Bu haberden bir kaç gün sonra 3 Ekim’de ise bu kez de Gaziantep’teki Ömer Asım Aksoy İlköğretim Okulu'nda, bina ve tuvalet temizliğinin öğrencilere yaptırıldığı iddiasını konu edinen bir başka haber yer aldı gazetelerde. “Paspaslı eğitim” başlıklı haber, ellerinde paspas ve kova bulunan iki öğrencinin fotoğrafıyla da okuyucunun kafasında şüpheye yer bırakmayacak biçimde “doğrulanıyordu”.

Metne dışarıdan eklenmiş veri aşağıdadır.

lemma mvt_reflect_Inr_invariant:
  fixes S :: "real^('a::finite + 'b::finite)^('a + 'b)"
  assumes "invertible S" and "\<And>i k. S $ Inl i $ Inr k = 0" "\<And>i k. S $ Inr k $ Inl i = 0"
  shows "distr (mvt 0 S nu) borel reflect_Inr = mvt 0 S nu"
proof -
  have "mvt_density 0 S nu (reflect_Inr v) = mvt_density 0 S nu v" for v
    using quadratic_form_inverse_reflect_Inr[OF assms] by (simp add: mvt_density_zero)
  moreover have "density (distr lborel borel reflect_Inr) (\<lambda>v. ennreal (mvt_density 0 S nu v))
      = distr (density lborel (\<lambda>v. ennreal (mvt_density 0 S nu (reflect_Inr v)))) borel reflect_Inr"
    by (rule density_distr) measurable
  ultimately show ?thesis
    by (simp add: mvt_def lborel_distr_reflect_Inr)
qed

section \<open>The unified skew-t distribution\<close>

definition selection_set :: "real^'m::finite \<Rightarrow> (real^('m + 'd::finite)) set" where
  "selection_set tau = {u. \<forall>i. u $ Inl i + tau $ i > 0}"

definition SUT_transform :: "real^'d::finite \<Rightarrow> real^'d^'d \<Rightarrow> real^('m::finite + 'd) \<Rightarrow> real^'d" where
  "SUT_transform xi Om u = (\<chi> j. xi $ j + omega_vec Om $ j * u $ Inr j)"

lemma selection_set_measurable [measurable]: "selection_set tau \<in> sets borel"
  unfolding selection_set_def by measurable

lemma SUT_transform_measurable [measurable]: "SUT_transform xi Om \<in> borel_measurable borel"
  unfolding SUT_transform_def by (intro vec_lambda_measurable) measurable

lemma sets_conditional_measure [simp, measurable_cong]: "sets (conditional_measure T A) = sets T"
  by (simp add: conditional_measure_def)

lemma sets_SUT [simp, measurable_cong]: "sets (SUT xi Om Dl tau G nu) = sets borel"
  by (simp add: SUT_def Let_def)

lemma distr_distr_borel:
  assumes "sets M = sets borel" and "f \<in> borel_measurable borel" and "g \<in> borel_measurable borel"
  shows "distr (distr M borel f) borel g = distr M borel (\<lambda>x. g (f x))"
  using distr_distr[of g borel borel f M] assms by (simp add: comp_def)

lemma SUT_conditional:
  "SUT xi Om Dl tau G nu
     = distr (conditional_measure (mvt 0 (Omega_star Om Dl G) nu) (selection_set tau)) borel
         (SUT_transform xi Om)"
  by (simp add: SUT_def Let_def conditional_measure_def selection_set_def SUT_transform_def[abs_def])

lemma SUT_selection_nondegenerate:
  fixes Dl :: "real^'m::finite^'d::finite"
  assumes "prob_space (SUT xi Om Dl tau G nu)"
  defines "T \<equiv> mvt 0 (Omega_star Om Dl G) nu"
  shows "emeasure T (selection_set tau) \<noteq> 0" and "emeasure T (selection_set tau) \<noteq> \<top>"
proof -
  have space: "space (conditional_measure T (selection_set tau)) = UNIV" "space T = UNIV"
    by (simp_all add: T_def sets_eq_imp_space_eq[of _ borel])
  have "SUT_transform xi Om \<in> conditional_measure T (selection_set tau) \<rightarrow>\<^sub>M borel"
    unfolding T_def by measurable
  then have "emeasure (SUT xi Om Dl tau G nu) UNIV = emeasure (conditional_measure T (selection_set tau)) (space T)"
    unfolding SUT_conditional T_def[symmetric] by (subst emeasure_distr) (simp_all add: space)
  moreover have "emeasure (SUT xi Om Dl tau G nu) UNIV = 1"
    using prob_space.emeasure_space_1[OF assms(1)] by (simp add: sets_eq_imp_space_eq[of _ borel])
  ultimately have "1 = emeasure (conditional_measure T (selection_set tau)) (space T)"
    by simp
  also have "\<dots> = emeasure T (selection_set tau) / emeasure T (selection_set tau)"
    by (simp add: emeasure_conditional_measure_space T_def)
  finally have "emeasure T (selection_set tau) / emeasure T (selection_set tau) = 1" ..
  then show "emeasure T (selection_set tau) \<noteq> 0" "emeasure T (selection_set tau) \<noteq> \<top>"
    by (auto simp: divide_ennreal_def)
qed

lemma SUT_centered:
  fixes Dl :: "real^'m::finite^'d::finite"
  shows "distr (SUT xi Om Dl tau G nu) borel (\<lambda>y. y - xi) = SUT 0 Om Dl tau G nu"
proof -
  have "SUT_transform xi Om u - xi = SUT_transform 0 Om u" for u :: "real^('m + 'd)"
    by (simp add: SUT_transform_def vec_eq_iff)
  then show ?thesis
    unfolding SUT_conditional by (subst distr_distr_borel) simp_all
qed

lemma SUT_symmetric:
  fixes Om :: "real^'d::finite^'d" and tau :: "real^'m::finite"
  assumes "invertible (Omega_star Om 0 G)"
  shows "distr (SUT 0 Om 0 tau G nu) borel uminus = SUT 0 Om 0 tau G nu"
proof -
  define C where "C = conditional_measure (mvt 0 (Omega_star Om 0 G) nu) (selection_set tau)"
  have [simp]: "sets C = sets borel" by (simp add: C_def)
  have "distr (mvt 0 (Omega_star Om 0 G) nu) borel reflect_Inr = mvt 0 (Omega_star Om 0 G) nu"
    using assms by (intro mvt_reflect_Inr_invariant) (simp_all add: Omega_star_def)
  then have reflect: "distr C borel reflect_Inr = C"
    unfolding C_def by (intro distr_conditional_measure_invariant) (auto simp: selection_set_def)
  have "- SUT_transform 0 Om u = SUT_transform 0 Om (reflect_Inr u)" for u :: "real^('m + 'd)"
    by (simp add: SUT_transform_def vec_eq_iff)
  then have "distr (SUT 0 Om 0 tau G nu) borel uminus = distr (distr C borel reflect_Inr) borel (SUT_transform 0 Om)"
    unfolding SUT_conditional C_def[symmetric] by (simp add: distr_distr_borel)
  also have "\<dots> = SUT 0 Om 0 tau G nu"
    unfolding reflect by (simp add: SUT_conditional C_def)
  finally show ?thesis .
qed

lemma omega_vec_reindex: "omega_vec (mat_reindex f Om) = vec_reindex f (omega_vec Om)"
  by (simp add: omega_vec_def mat_reindex_def vec_eq_iff)

lemma Omega_star_reindex:
  "mat_reindex (map_sum id f) (Omega_star Om Dl G) = Omega_star (mat_reindex f Om) (vec_reindex f Dl) G"
  by (simp add: vec_eq_iff split_sum_all mat_reindex_def Omega_star_def Omega_bar_def omega_vec_def)

lemma SUT_params_reindex:
  fixes f :: "'c::finite \<Rightarrow> 'd::finite" and Dl :: "real^'m::finite^'d"
  assumes "SUT_params Om Dl G nu" and "inj f"
  shows "SUT_params (mat_reindex f Om) (vec_reindex f Dl) G nu"
proof -
  have "inj (map_sum id f :: 'm + 'c \<Rightarrow> 'm + 'd)"
    using \<open>inj f\<close> by (simp add: sum.inj_map)
  then show ?thesis
    using assms pos_def_mat_reindex[of "Omega_star Om Dl G" "map_sum id f :: 'm + 'c \<Rightarrow> 'm + 'd"]
    by (simp add: SUT_params_def pos_def_mat_reindex Omega_star_reindex)
qed

lemma bij_case_sum_reassoc:
  fixes \<rho> :: "'c + 'k \<Rightarrow> 'd"
  assumes "bij \<rho>"
  defines "\<sigma> \<equiv> case_sum (map_sum id (\<rho> \<circ> Inl)) (Inr \<circ> \<rho> \<circ> Inr) :: ('m + 'c) + 'k \<Rightarrow> 'm + 'd"
  shows "bij \<sigma>"
proof (rule bijI)
  have inj: "inj \<rho>" and surj: "surj \<rho>" using assms(1) by (simp_all add: bij_def)
  show "inj \<sigma>"
    unfolding inj_def \<sigma>_def by (auto simp: inj_eq[OF inj] map_sum_def split: sum.splits)
  show "surj \<sigma>"
  proof (rule surjI)
    fix w :: "'m + 'd"
    show "\<sigma> (case w of Inl i \<Rightarrow> Inl (Inl i)
               | Inr d \<Rightarrow> (case inv \<rho> d of Inl c \<Rightarrow> Inl (Inr c) | Inr k \<Rightarrow> Inr k)) = w"
      using surj_f_inv_f[OF surj]
      by (auto simp: \<sigma>_def split: sum.splits) metis+
  qed
qed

İl Milli Eğitim Müdürlüğü’nden gecikmeden yapılan açıklamada bu haber de yalanlanıyordu. Okulda birisi olay günü ilaveten görevlendirilmiş 4 hizmetlinin çalıştığı belirtilen açıklamada haberde fotoğraflarına yer verilen öğrencilerin velileri ve rehber öğretmenleri refaketinde ifadelerinin alındığı belirtilerek, “Öğrenciler olay günü tuvalete gittiklerinde, bir kişinin ellerine paspas ve kova vererek hatıra fotoğrafı çekeceğini söylediği ve bu şekilde resimlerinin çekildiğini söylemişlerdir” deniliyordu. Açıklamada, yalan olduğu savunulan haberde fotoğrafları yayımlanan öğrencilerin velilerinin olayla ilgili şikayetçi oldukları da anlatılıyordu.

Okul yöneticileri ise her iki haberde de imzası bulunan Hakimiyet gazetesi muhabiri Bülent Öner’in, İl Milli Eğitim Müdürü ile kişisel sorunları olduğunu öne sürdü.

“Hatam tek poz çekmem, keşke 3-4 poz çekseydim”

Haberi yapan Bülent Öner ise yeklilerin savunmalarını yalanladı.

İlk haberinden sonra soruşturma başlatılması üzerine, okul müdürünün bir öğretmeni tehdit ettiğini savunan Öner, “Öğretmen beni arayıp ağladı. ‘Tehdit ediyorlar baskı yapıyorlar, ifademde yalan söyleyeyim diye ama ben her şeyi doğru anlattım’ dedi. Öteki haberimini de yalan olduğunu söylüyorlar. Ama zaten benim mizansen haber yapma gibi bir şansım zaten yok. Hem ben okuldaki paspasın kovanın yerini nereden bileyim. Kurgu haber yapma gibi bir niyetim olsa kendi çocuklarımı kullanarak böyle bir haber yapardım. Benim tek hatam tek poz çekmek. Keşke bu olayı fotoğraflarken 3-4 poz daha çekseydim” dedi.